You measure 34 watermelons' weights, and find they have a mean weight of 74 ounces. Assume the population standard deviation is 11.1 ounces.
Based on this, what is the margin of error associated with a 95% confidence interval for the true population mean watermelon weight.
Round your answer to two decimal places.
To calculate the margin of error associated with a 95% confidence interval for the true population mean watermelon weight, we can use the formula:
Margin of Error = Z * (Standard Deviation / sqrt(Sample Size))
Where:
Z is the z-score associated with the desired confidence interval
Standard Deviation is the population standard deviation
Sample Size is the number of watermelons measured
For a 95% confidence interval, the z-score is 1.96 (which corresponds to the two-tailed test).

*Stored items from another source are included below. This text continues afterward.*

lemma sum_submultisets_prod_count:
  fixes G :: "'a \<Rightarrow> nat \<Rightarrow> 'b::comm_semiring_1"
  assumes fM: "finite M" and sub: "set_mset \<nu> \<subseteq> M"
  shows "(\<Sum>\<mu>\<in>{\<mu>. \<mu> \<subseteq># \<nu>}. \<Prod>m\<in>M. G m (count \<mu> m)) = (\<Prod>m\<in>M. \<Sum>a\<le>count \<nu> m. G m a)"
proof -
  define ms where "ms c = (\<Sum>m\<in>M. replicate_mset (c m) m)" for c :: "'a \<Rightarrow> nat"
  have count_ms: "count (ms c) x = (if x \<in> M then c x else 0)" for c x
    unfolding ms_def count_sum using fM by auto
  have "(\<Prod>m\<in>M. \<Sum>a\<le>count \<nu> m. G m a) = (\<Sum>c\<in>PiE M (\<lambda>m. {..count \<nu> m}). \<Prod>m\<in>M. G m (c m))"
    using fM by (rule prod_sum_PiE) auto
  also have "\<dots> = (\<Sum>\<mu>\<in>{\<mu>. \<mu> \<subseteq># \<nu>}. \<Prod>m\<in>M. G m (count \<mu> m))"
  proof (rule sum.reindex_bij_witness[of _ "\<lambda>\<mu>. restrict (count \<mu>) M" ms])
    fix \<mu> assume "\<mu> \<in> {\<mu>. \<mu> \<subseteq># \<nu>}"
    then have \<mu>: "\<mu> \<subseteq># \<nu>" by simp
    then have "set_mset \<mu> \<subseteq> M" using sub by (meson mset_subset_eqD subset_iff)
    then show "ms (restrict (count \<mu>) M) = \<mu>"
      by (intro multiset_eqI) (auto simp: count_ms count_eq_zero_iff)
    show "restrict (count \<mu>) M \<in> PiE M (\<lambda>m. {..count \<nu> m})"
      using \<mu> by (auto simp: subseteq_mset_def)
  next
    fix c assume c: "c \<in> PiE M (\<lambda>m. {..count \<nu> m})"
    show "(\<Prod>m\<in>M. G m (count (ms c) m)) = (\<Prod>m\<in>M. G m (c m))"
      by (rule prod.cong) (auto simp: count_ms)
    show "restrict (count (ms c)) M = c"
      using c by (auto simp: count_ms PiE_def extensional_def restrict_def)
    show "ms c \<in> {\<mu>. \<mu> \<subseteq># \<nu>}"
      using c by (auto simp: subseteq_mset_def count_ms PiE_def)
  qed
  finally show ?thesis by simp
qed

lemma sum_submultisets_conv_prod_count:
  fixes G :: "'a \<Rightarrow> nat \<Rightarrow> nat \<Rightarrow> 'b::comm_semiring_1" and H :: "'a \<Rightarrow> nat \<Rightarrow> 'b"
  assumes "finite M" "set_mset \<nu> \<subseteq> M"
  shows "(\<Sum>\<rho>\<in>{\<rho>. \<rho> \<subseteq># \<nu>}. (\<Sum>\<alpha>\<in>{\<alpha>. \<alpha> \<subseteq># \<rho>}. \<Prod>m\<in>M. G m (count \<alpha> m) (count \<rho> m - count \<alpha> m))
            * (\<Prod>m\<in>M. H m (count \<nu> m - count \<rho> m)))
       = (\<Prod>m\<in>M. \<Sum>b\<le>count \<nu> m. (\<Sum>a\<le>b. G m a (b - a)) * H m (count \<nu> m - b))"
proof -
  have "(\<Sum>\<alpha>\<in>{\<alpha>. \<alpha> \<subseteq># \<rho>}. \<Prod>m\<in>M. G m (count \<alpha> m) (count \<rho> m - count \<alpha> m))
      = (\<Prod>m\<in>M. \<Sum>a\<le>count \<rho> m. G m a (count \<rho> m - a))" if "\<rho> \<subseteq># \<nu>" for \<rho>
    using that assms by (intro sum_submultisets_prod_count[where G = "\<lambda>m a. G m a (count \<rho> m - a)"])
      (auto dest: set_mset_mono)
  then have "(\<Sum>\<rho>\<in>{\<rho>. \<rho> \<subseteq># \<nu>}. (\<Sum>\<alpha>\<in>{\<alpha>. \<alpha> \<subseteq># \<rho>}. \<Prod>m\<in>M. G m (count \<alpha> m) (count \<rho> m - count \<alpha> m))
            * (\<Prod>m\<in>M. H m (count \<nu> m - count \<rho> m)))
      = (\<Sum>\<rho>\<in>{\<rho>. \<rho> \<subseteq># \<nu>}. \<Prod>m\<in>M. (\<Sum>a\<le>count \<rho> m. G m a (count \<rho> m - a)) * H m (count \<nu> m - count \<rho> m))"
    by (simp add: prod.distrib)
  also have "\<dots> = (\<Prod>m\<in>M. \<Sum>b\<le>count \<nu> m. (\<Sum>a\<le>b. G m a (b - a)) * H m (count \<nu> m - b))"
    using assms by (rule sum_submultisets_prod_count)
  finally show ?thesis .
qed

lemma is_partition_add [simp]: "is_partition (\<mu> + \<nu>) \<longleftrightarrow> is_partition \<mu> \<and> is_partition \<nu>"
  by (simp add: is_partition_def)

lemma is_partition_submultiset: "is_partition p \<Longrightarrow> \<mu> \<subseteq># p \<Longrightarrow> is_partition \<mu>"
  unfolding is_partition_def by (meson mset_subset_eqD)

lemma is_partition_diff: "is_partition p \<Longrightarrow> is_partition (p - \<mu>)"
  by (simp add: is_partition_submultiset)

lemma not_partition_split:
  assumes "\<not> is_partition \<nu>" "\<mu> \<subseteq># \<nu>"
  shows "\<not> is_partition \<mu> \<or> \<not> is_partition (\<nu> - \<mu>)"
  using assms by (metis is_partition_add subset_mset.add_diff_inverse)

definition ser_one :: series where
  "ser_one \<nu> = (if \<nu> = {#} then 1 else 0)"

lemma ser_mult_commute: "ser_mult a b = ser_mult b a"
proof
  fix \<nu> :: "nat multiset"
  show "ser_mult a b \<nu> = ser_mult b a \<nu>"
    unfolding ser_mult_def
    by (rule sum.reindex_bij_witness[of _ "\<lambda>\<mu>. \<nu> - \<mu>" "\<lambda>\<mu>. \<nu> - \<mu>"])
       (auto simp: subset_mset.diff_diff_right mult.commute)
qed

lemma ser_mult_assoc: "ser_mult (ser_mult a b) c = ser_mult a (ser_mult b c)"
proof
  fix \<nu> :: "nat multiset"
  let ?I = "Sigma {\<rho>. \<rho> \<subseteq># \<nu>} (\<lambda>\<rho>. {\<mu>. \<mu> \<subseteq># \<rho>})"
  let ?J = "Sigma {\<mu>. \<mu> \<subseteq># \<nu>} (\<lambda>\<mu>. {\<sigma>. \<sigma> \<subseteq># \<nu> - \<mu>})"
  have "ser_mult (ser_mult a b) c \<nu> = (\<Sum>(\<rho>, \<mu>)\<in>?I. a \<mu> * b (\<rho> - \<mu>) * c (\<nu> - \<rho>))"
    unfolding ser_mult_def by (simp add: sum_distrib_right sum.Sigma)
  also have "\<dots> = (\<Sum>(\<mu>, \<sigma>)\<in>?J. a \<mu> * (b \<sigma> * c (\<nu> - \<mu> - \<sigma>)))"
    by (rule sum.reindex_bij_witness[of _ "\<lambda>(\<mu>, \<sigma>). (\<mu> + \<sigma>, \<mu>)" "\<lambda>(\<rho>, \<mu>). (\<mu>, \<rho> - \<mu>)"])
       (auto simp: subset_eq_diff_conv subset_mset.le_diff_conv2 add.commute diff_diff_add
          intro: subset_mset.order_trans)
  also have "\<dots> = ser_mult a (ser_mult b c) \<nu>"
    unfolding ser_mult_def by (simp add: sum_distrib_left sum.Sigma)
  finally show "ser_mult (ser_mult a b) c \<nu> = ser_mult a (ser_mult b c) \<nu>" .
qed

interpretation ser_mult: abel_semigroup ser_mult
  by unfold_locales (fact ser_mult_assoc ser_mult_commute)+

lemma ser_mult_one_right [simp]: "ser_mult a ser_one = a"
proof
  fix \<nu> :: "nat multiset"
  have "ser_mult a ser_one \<nu> = (\<Sum>\<mu>\<in>{\<mu>. \<mu> \<subseteq># \<nu>}. if \<mu> = \<nu> then a \<mu> else 0)"
    unfolding ser_mult_def ser_one_def
    by (rule sum.cong) (auto simp: subset_mset.antisym Diff_eq_empty_iff_mset)
  then show "ser_mult a ser_one \<nu> = a \<nu>" by simp
qed

lemma ser_mult_add_left: "ser_mult (\<lambda>\<nu>. a \<nu> + a' \<nu>) b = (\<lambda>\<nu>. ser_mult a b \<nu> + ser_mult a' b \<nu>)"
  unfolding ser_mult_def by (simp add: algebra_simps sum.distrib)

lemma ser_mult_cmult_left: "ser_mult (\<lambda>\<nu>. c * a \<nu>) b = (\<lambda>\<nu>. c * ser_mult a b \<nu>)"
  unfolding ser_mult_def by (simp add: algebra_simps sum_distrib_left)

lemma ser_mult_eq_0_off_partitions:
  assumes "\<And>\<mu>. \<not> is_partition \<mu> \<Longrightarrow> a \<mu> = 0" "\<And>\<mu>. \<not> is_partition \<mu> \<Longrightarrow> b \<mu> = 0"
    and "\<not> is_partition \<nu>"
  shows "ser_mult a b \<nu> = 0"
  unfolding ser_mult_def by (rule sum.neutral) (use assms not_partition_split in fastforce)

definition partition_series :: series where
  "partition_series = gen_series (\<lambda>_. 1)"

text \<open>The series \<open>\<Prod>\<^sub>m (1 - u\<^sub>m)\<close>.\<close>
definition partition_series_inv :: series where
  "partition_series_inv \<nu> =
     (if is_partition \<nu> then \<Prod>m\<in>set_mset \<nu>. coeff [:1, -1:] (count \<nu> m) else 0)"

lemma partition_series_inv_eq_prod:
  assumes "is_partition p" "\<nu> \<subseteq># p"
  shows "partition_series_inv \<nu> = (\<Prod>m\<in>set_mset p. coeff [:1, -1:] (count \<nu> m))"
proof -
  have "set_mset \<nu> \<subseteq> set_mset p" using assms(2) by (rule set_mset_mono)
  then have "(\<Prod>m\<in>set_mset \<nu>. coeff [:1, -1:] (count \<nu> m)) = (\<Prod>m\<in>set_mset p. coeff [:1, -1:] (count \<nu> m))"
    by (intro prod.mono_neutral_left) (auto simp: not_in_iff)
  then show ?thesis using assms by (simp add: partition_series_inv_def is_partition_submultiset)
qed

lemma sum_coeff_one_minus_X: "(\<Sum>a\<le>c. coeff [:1, -1::rat:] a) = (if c = 0 then 1 else 0)"
  by (induction c) (auto simp: coeff_pCons split: nat.split)

lemma partition_series_inv_mult: "ser_mult partition_series_inv partition_series = ser_one"
proof
  fix \<nu> :: "nat multiset"
  show "ser_mult partition_series_inv partition_series \<nu> = ser_one \<nu>"
  proof (cases "is_partition \<nu>")
    case False
    then have "\<nu> \<noteq> {#}" by (auto simp: is_partition_def)
    moreover have "ser_mult partition_series_inv partition_series \<nu> = 0"
      using False by (intro ser_mult_eq_0_off_partitions)
        (simp_all add: partition_series_inv_def partition_series_def gen_series_def)
    ultimately show ?thesis by (simp add: ser_one_def)
  next
    case True
    have "ser_mult partition_series_inv partition_series \<nu> =
        (\<Sum>\<mu>\<in>{\<mu>. \<mu> \<subseteq># \<nu>}. \<Prod>m\<in>set_mset \<nu>. coeff [:1, -1:] (count \<mu> m))"
      unfolding ser_mult_def partition_series_def gen_series_def
      using True by (intro sum.cong) (auto simp: partition_series_inv_eq_prod is_partition_diff)
    also have "\<dots> = (\<Prod>m\<in>set_mset \<nu>. if count \<nu> m = 0 then 1 else 0)"
      by (subst sum_submultisets_prod_count) (auto simp: sum_coeff_one_minus_X)
    also have "\<dots> = ser_one \<nu>"
      by (cases "\<nu> = {#}") (auto simp: ser_one_def)
    finally show ?thesis .
  qed
qed
definition independent_set :: "nat \<Rightarrow> nat set set \<Rightarrow> nat set \<Rightarrow> bool" where
  "independent_set n G S \<longleftrightarrow> S \<subseteq> {1..n} \<and> (\<forall>u\<in>S. \<forall>v\<in>S. {u, v} \<notin> G)"

definition indep_num :: "nat \<Rightarrow> nat set set \<Rightarrow> nat" where
  "indep_num n G = Max {card S | S. independent_set n G S}"

definition degree :: "nat set set \<Rightarrow> nat \<Rightarrow> nat" where
  "degree G v = card {u. {u, v} \<in> G}"

definition avg_degree :: "nat \<Rightarrow> nat set set \<Rightarrow> real" where
  "avg_degree n G = 2 * real (num_edges G) / real n"

definition num_S2 :: "nat \<Rightarrow> nat set set \<Rightarrow> nat" where
  "num_S2 n G = (\<Sum>v\<in>{1..n}. degree G v choose 2)"

definition gamma_P :: "nat \<Rightarrow> nat set set \<Rightarrow> real" where
  "gamma_P n G = real n * (real n - 2) /
     (real ((n^2) div 4) - real (num_edges G) - real (num_S2 n G))"

definition psi :: "real \<Rightarrow> real" where
  "psi d = (if d = 0 then 1 else if d = 1 then 1/2
            else (d * ln d - d + 1) / (d - 1)^2)"

end

theory Submission
  imports Defs
begin

text \<open>
  (i) In a triangle-free G containing P every neighbourhood is independent in G, hence in P,
  so 2 e(G) = sum of the degrees <= n alpha(P).

  (ii) Split [n] into halves L = [1..n div 2] and R. Call a pair (a, b) in L x R a candidate if
  ab is neither an edge of P nor the end pair of a two-edge path of P; there are at least
  floor(n^2/4) - e(P) - N(S_2, P) candidates. Two candidates conflict if they share an endpoint
  and their other endpoints are adjacent in P. Any conflict-free set of candidates can be added
  to P without creating a triangle, and the conflict graph is triangle-free with at most
  2 e(P) (n - 2) arcs. Shearer's bound (a triangle-free graph on N vertices with average
  degree D has an independent set of size N psi(D)) and the monotonicity of psi give (ii).
  Shearer's bound is proved by his induction, deleting the closed neighbourhood of a suitably
  chosen vertex; it uses that psi(x) is the integral of (1 - t) / (1 - t + t x) over [0, 1],
  hence convex, and solves x (x - 1) psi'(x) = 1 - (x + 1) psi(x).
\<close>

section \<open>The function psi\<close>

lemma psi_denominator_pos:
  fixes x t :: real
  assumes "0 < x" "t \<in> {0..1}"
  shows "0 < 1 - t + t * x"
  using assms by (cases "t = 1") (auto intro: add_pos_nonneg)

lemma has_integral_psi_generic:
  fixes x :: real
  assumes "0 < x" "x \<noteq> 1"
  shows "((\<lambda>t. (1 - t) / (1 - t + t * x)) has_integral psi x) {0..1}"
proof -
  define c where "c = x - 1"
  have x: "x = c + 1" and "c \<noteq> 0" using assms by (simp_all add: c_def)
  define F where "F = (\<lambda>t. (c + 1) / c^2 * ln (1 + c * t) - t / c)"
  have "((\<lambda>t. (1 - t) / (1 - t + t * x)) has_integral F 1 - F 0) {0..1}"
  proof (rule fundamental_theorem_of_calculus)
    fix t :: real assume t: "t \<in> {0..1}"
    have den: "1 - t + t * x = 1 + c * t" by (simp add: x algebra_simps)
    have pos: "0 < 1 + c * t"
      using psi_denominator_pos[OF assms(1) t] by (simp add: den)
    have "(F has_real_derivative (1 - t) / (1 + c * t)) (at t within {0..1})"
      unfolding F_def
      by (insert pos \<open>c \<noteq> 0\<close>, (rule derivative_eq_intros refl | simp)+)
        (simp add: divide_simps power2_eq_square, simp add: algebra_simps)
    then show "(F has_vector_derivative (1 - t) / (1 - t + t * x)) (at t within {0..1})"
      by (simp add: den has_real_derivative_iff_has_vector_derivative)
  qed simp
  moreover have "F 1 - F 0 = psi x"
    using assms \<open>c \<noteq> 0\<close> by (simp add: F_def psi_def x field_simps power2_eq_square)
  ultimately show ?thesis by simp
qed
(* Let $S=\frac1n\sum_{i=1}^n\mathbf x_i\mathbf x_i^\top$ and let $k,k'\ge0$ be integers. Then there are real numbers $\alpha_1,\dots,\alpha_5$ (depending on $n,d,k,k'$) such that $$\mathbb E\big[S\mathbf u_s\mathbf u_s^\top S^k\mathbf u_t\mathbf u_t^\top S^{k'}\big]=\alpha_1\mathbf u_s\mathbf u_s^\top+\alpha_2\mathbf u_t\mathbf u_t^\top+\alpha_3I\quad\text{for any }s\neq t,$$ $$\mathbb E\big[S\mathbf u_s\mathbf u_s^\top S^k\mathbf u_s\mathbf u_s^\top S^{k'}\big]=\alpha_4\mathbf u_s\mathbf u_s^\top+\alpha_5I\quad\text{for any } s.$$
   Context: $\mathbf x_1,\dots,\mathbf x_n$ are i.i.d. $\mathcal N(0,I_d)$. $\{\mathbf u_s\}_{s=1}^d$ is an orthonormal basis of $\mathbb R^d$. *)

theory Defs
  imports "HOL-Analysis.Analysis" "HOL-Probability.Probability"
begin

definition outer :: "real^'d \<Rightarrow> real^'d \<Rightarrow> real^'d^'d" where
  "outer u v = (\<chi> i j. u $ i * v $ j)"

definition mpow :: "real^'d^'d \<Rightarrow> nat \<Rightarrow> real^'d^'d" where
  "mpow A k = (((**) A) ^^ k) (mat 1)"

text \<open>Joint law of n i.i.d. N(0, I_d) vectors x_0,...,x_{n-1}: all n*d coordinates
  (i,j) are i.i.d. standard normal real variables.\<close>
definition gauss_sample :: "nat \<Rightarrow> ((nat \<times> 'd::finite) \<Rightarrow> real) measure" where
  "gauss_sample n = PiM ({..<n} \<times> UNIV) (\<lambda>_. density lborel std_normal_density)"

definition xvec :: "((nat \<times> 'd::finite) \<Rightarrow> real) \<Rightarrow> nat \<Rightarrow> real^'d" where
  "xvec \<omega> i = (\<chi> j. \<omega> (i, j))"

definition sample_cov :: "nat \<Rightarrow> ((nat \<times> 'd::finite) \<Rightarrow> real) \<Rightarrow> real^'d^'d" where
  "sample_cov n \<omega> = (1 / real n) *\<^sub>R (\<Sum>i<n. outer (xvec \<omega> i) (xvec \<omega> i))"

end

theory Submission
  imports Defs
begin

text \<open>
  The law of the sample \<open>x\<^sub>1, \<dots>, x\<^sub>n\<close> is invariant under \<open>x\<^sub>i \<mapsto> Q x\<^sub>i\<close> for every orthogonal
  \<open>Q\<close> (Lebesgue measure and the density \<open>exp (-\<bar>x\<bar>\<^sup>2/2)\<close> are both invariant), and this replaces
  \<open>S\<close> by \<open>Q S Q\<^sup>T\<close>.  Hence \<open>M(a, b) = E[S a a\<^sup>T S^k b b\<^sup>T S^k']\<close> satisfies
  \<open>M(Q a, Q b) = Q M(a, b) Q\<^sup>T\<close>.  For standard basis vectors \<open>e\<^sub>p, e\<^sub>q\<close>, conjugating with sign
  changes of single coordinates and with transpositions of coordinates outside \<open>{p, q}\<close> shows that
  \<open>M(e\<^sub>p, e\<^sub>q)\<close> is diagonal with a common entry outside \<open>{p, q}\<close>, i.e. a combination of
  \<open>e\<^sub>p e\<^sub>p\<^sup>T\<close>, \<open>e\<^sub>q e\<^sub>q\<^sup>T\<close> and \<open>I\<close>.  The orthogonal matrix whose \<open>j\<close>-th column is \<open>u (\<sigma> j)\<close>,
  where \<open>\<sigma> p = s\<close> and \<open>\<sigma> q = t\<close>, carries this to every orthonormal basis with the same
  coefficients.
\<close>

section \<open>Matrices\<close>

lemma outer_scaleR: "outer (c *\<^sub>R a) (d *\<^sub>R b) = (c * d) *\<^sub>R outer a b"
  by (simp add: vec_eq_iff outer_def)

lemma outer_matrix_vector_mult:
  "outer (Q *v a) (Q *v b) = Q ** outer a b ** transpose Q"
  by (simp add: vec_eq_iff outer_def matrix_matrix_mult_def matrix_vector_mult_def transpose_def
      sum_distrib_left sum_distrib_right mult_ac sum_product)

lemma outer_axis_nth: "outer (axis p 1) (axis q 1) $ x $ y = (if x = p \<and> y = q then 1 else (0::real))"
  by (simp add: outer_def axis_def)

lemma linear_matrix_sandwich: "linear (\<lambda>A::real^'n::finite^'m::finite. Q ** A ** R)"
  by (rule linearI)
    (simp_all add: vec_eq_iff matrix_matrix_mult_def sum.distrib algebra_simps
      sum_distrib_left sum_distrib_right)

lemma orthogonal_matrix_cancel:
  assumes "orthogonal_matrix (Q::real^'n::finite^'n)"
  shows "transpose Q ** Q = mat 1" "Q ** transpose Q = mat 1"
    "X ** transpose Q ** Q = X" "X ** Q ** transpose Q = X"
  using assms by (auto simp: orthogonal_matrix_def matrix_mul_assoc[symmetric])

lemma mpow_orthogonal_conj:
  assumes "orthogonal_matrix (Q::real^'n::finite^'n)"
  shows "mpow (Q ** A ** transpose Q) k = Q ** mpow A k ** transpose Q"
  by (induction k)
    (simp_all add: mpow_def matrix_mul_assoc orthogonal_matrix_cancel[OF assms])

lemma orthogonal_conj_outer_combination:
  assumes "orthogonal_matrix (Q::real^'n::finite^'n)"
  shows "Q ** (\<alpha> *\<^sub>R outer x x + \<beta> *\<^sub>R outer y y + \<gamma> *\<^sub>R mat 1) ** transpose Q
       = \<alpha> *\<^sub>R outer (Q *v x) (Q *v x) + \<beta> *\<^sub>R outer (Q *v y) (Q *v y) + \<gamma> *\<^sub>R mat 1"
  by (simp add: linear_add[OF linear_matrix_sandwich] linear_scale[OF linear_matrix_sandwich]
      outer_matrix_vector_mult orthogonal_matrix_cancel[OF assms])

abbreviation orthonormal_frame :: "('n \<Rightarrow> real^'m) \<Rightarrow> bool" where
  "orthonormal_frame v \<equiv> \<forall>s t. v s \<bullet> v t = (if s = t then 1 else 0)"

definition cols_matrix :: "('n \<Rightarrow> real^'m) \<Rightarrow> real^'n^'m" where
  "cols_matrix v = (\<chi> i j. v j $ i)"

lemma cols_matrix_axis [simp]: "cols_matrix v *v axis j 1 = v j"
  by (simp add: vec_eq_iff cols_matrix_def matrix_vector_mult_def axis_def if_distrib cong: if_cong)

lemma orthogonal_matrix_cols_matrix:
  fixes v :: "'n::finite \<Rightarrow> real^'n"
  assumes "orthonormal_frame v"
  shows "orthogonal_matrix (cols_matrix v)"
proof -
  have "column j (cols_matrix v) = v j" for j
    by (simp add: vec_eq_iff column_def cols_matrix_def)
  then show ?thesis
    using assms by (simp add: orthogonal_matrix_orthonormal_columns norm_eq_1 orthogonal_def)
qed

lemma orthonormal_frame_comp:
  "orthonormal_frame v \<Longrightarrow> inj \<sigma> \<Longrightarrow> orthonormal_frame (v \<circ> \<sigma>)"
  by (simp add: inj_eq)

lemma inj_swap_points: "inj (id(a := b, b := a))"
  by (auto simp: inj_def)

lemma inj_map_two_points:
  assumes "p \<noteq> q" "s \<noteq> t"
  shows "\<exists>\<sigma>::'a \<Rightarrow> 'a. inj \<sigma> \<and> \<sigma> p = s \<and> \<sigma> q = t"
proof -
  define \<tau> where "\<tau> = id(p := s, s := p)"
  have "\<tau> q \<noteq> s"
    using assms(1) by (auto simp: \<tau>_def)
  then have "(id(\<tau> q := t, t := \<tau> q) \<circ> \<tau>) p = s" "(id(\<tau> q := t, t := \<tau> q) \<circ> \<tau>) q = t"
    using assms(2) by (auto simp: \<tau>_def)
  moreover have "inj (id(\<tau> q := t, t := \<tau> q) \<circ> \<tau>)"
    unfolding \<tau>_def by (intro inj_compose inj_swap_points)
  ultimately show ?thesis by blast
qed

definition signed_perm_matrix :: "('n \<Rightarrow> real) \<Rightarrow> ('n \<Rightarrow> 'n) \<Rightarrow> real^'n^'n" where
  "signed_perm_matrix c \<sigma> = cols_matrix (\<lambda>j. c j *\<^sub>R axis (\<sigma> j) 1)"

lemma orthogonal_signed_perm_matrix:
  fixes \<sigma> :: "'n::finite \<Rightarrow> 'n"
  assumes "\<And>j. c j * c j = 1" "inj \<sigma>"
  shows "orthogonal_matrix (signed_perm_matrix c \<sigma>)"
  unfolding signed_perm_matrix_def
  using assms by (intro orthogonal_matrix_cols_matrix) (auto simp: inner_axis_axis inj_eq)

lemma signed_perm_matrix_conj_nth:
  fixes M :: "real^'n::finite^'n"
  assumes "inj \<sigma>"
  shows "(signed_perm_matrix c \<sigma> ** M ** transpose (signed_perm_matrix c \<sigma>)) $ \<sigma> a $ \<sigma> b
       = c a * c b * M $ a $ b"
proof -
  have P: "signed_perm_matrix c \<sigma> $ \<sigma> a $ j = (if j = a then c a else 0)" for a j
    using assms by (auto simp: signed_perm_matrix_def cols_matrix_def axis_def inj_eq)
  show ?thesis
    by (simp add: matrix_matrix_mult_def transpose_def P if_distrib if_distribR cong: if_cong)
qed
theorem lemma4p4:
  fixes f :: "real \<Rightarrow> real" and C lam q :: real
  assumes f0: "f 0 = 0"
    and C_pos: "C > 0" and lam_pos: "lam > 0"
    and f_growth: "\<And>u v. \<bar>f u - f v\<bar> \<le> C * \<bar>u - v\<bar> * (exp (lam * u\<^sup>2) + exp (lam * v\<^sup>2))"
    and q: "2 \<le> q"
  shows "\<exists>Cq > 0. \<forall>(v :: 'a::euclidean_space \<Rightarrow> real) w1 w2 K.
           v \<in> Linf \<and> w1 \<in> expL2 \<and> w2 \<in> expL2 \<and> K > 0 \<and>
           expL2_norm w1 \<le> K \<and> expL2_norm w2 \<le> K \<and> 4 * lam * q * K\<^sup>2 \<le> 1
           \<longrightarrow> (\<lambda>x. f (w1 x + v x) - f (w2 x + v x)) \<in> borel_measurable lebesgue \<and>
               Lq_norm_pow q (\<lambda>x. f (w1 x + v x) - f (w2 x + v x))
                 \<le> ennreal ((Cq * exp (2 * lam * (Linf_norm v)\<^sup>2) * expL2_norm (\<lambda>x. w1 x - w2 x)) powr q)"
proof (intro exI[of _ "3 * C * growth_const q powr (1/q)"] conjI allI impI)
  show "0 < 3 * C * growth_const q powr (1/q)" using C_pos growth_const_pos[of q] by simp
  fix v w1 w2 :: "'a \<Rightarrow> real" and K :: real
  assume "v \<in> Linf \<and> w1 \<in> expL2 \<and> w2 \<in> expL2 \<and> K > 0 \<and>
           expL2_norm w1 \<le> K \<and> expL2_norm w2 \<le> K \<and> 4 * lam * q * K\<^sup>2 \<le> 1"
  hence v: "v \<in> Linf" and w: "w1 \<in> expL2" "w2 \<in> expL2" and K: "0 < K"
    and w_K: "expL2_norm w1 \<le> K" "expL2_norm w2 \<le> K" and hK: "4 * lam * q * K\<^sup>2 \<le> 1"
    by auto
  note [measurable] = expL2_measurable[OF w(1)] expL2_measurable[OF w(2)]
    borel_measurable_continuous_onI[OF growth_bound_imp_continuous[OF f_growth]]
  have [measurable]: "v \<in> borel_measurable lebesgue" using v unfolding Linf_def by auto
  show "(\<lambda>x. f (w1 x + v x) - f (w2 x + v x)) \<in> borel_measurable lebesgue" by measurable
  let ?A = "3 * (C * exp (2 * lam * (Linf_norm v)\<^sup>2))" and ?n = "expL2_norm (\<lambda>x. w1 x - w2 x)"
  have "Lq_norm_pow q (\<lambda>x. f (w1 x + v x) - f (w2 x + v x))
      \<le> ennreal (?A powr q * growth_const q * ?n powr q)"
    by (rule Lq_norm_pow_diff_le[OF f_growth C_pos lam_pos q v w K w_K hK])
  also have "?A powr q * growth_const q * ?n powr q = (?A * growth_const q powr (1/q) * ?n) powr q"
    using C_pos q growth_const_pos[of q] expL2_norm_nonneg[OF expL2_modular_diff_le_one_exists[OF w]]
    by (intro powr_mult_root[symmetric]) auto
  finally show "Lq_norm_pow q (\<lambda>x. f (w1 x + v x) - f (w2 x + v x))
      \<le> ennreal ((3 * C * growth_const q powr (1/q) * exp (2 * lam * (Linf_norm v)\<^sup>2) * ?n) powr q)"
    by (simp add: mult_ac)
qed

end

So, plugging in the given values:
Z = 1.96
Standard Deviation = 11.1 ounces
Sample Size = 34 watermelons
Margin of Error = 1.96 * (11.1 / sqrt(34))
To calculate this, we need to take the square root of 34:
sqrt(34) ≈ 5.83
Now, plugging in the values:
Margin of Error ≈ 1.96 * (11.1 / 5.83)
Simplifying the expression:
Margin of Error ≈ 1.96 * 1.903
Finally, calculating the result:
Margin of Error ≈ 3.727
Therefore, the margin of error associated with a 95% confidence interval for the true population mean watermelon weight is approximately 3.73 ounces (rounded to two decimal places).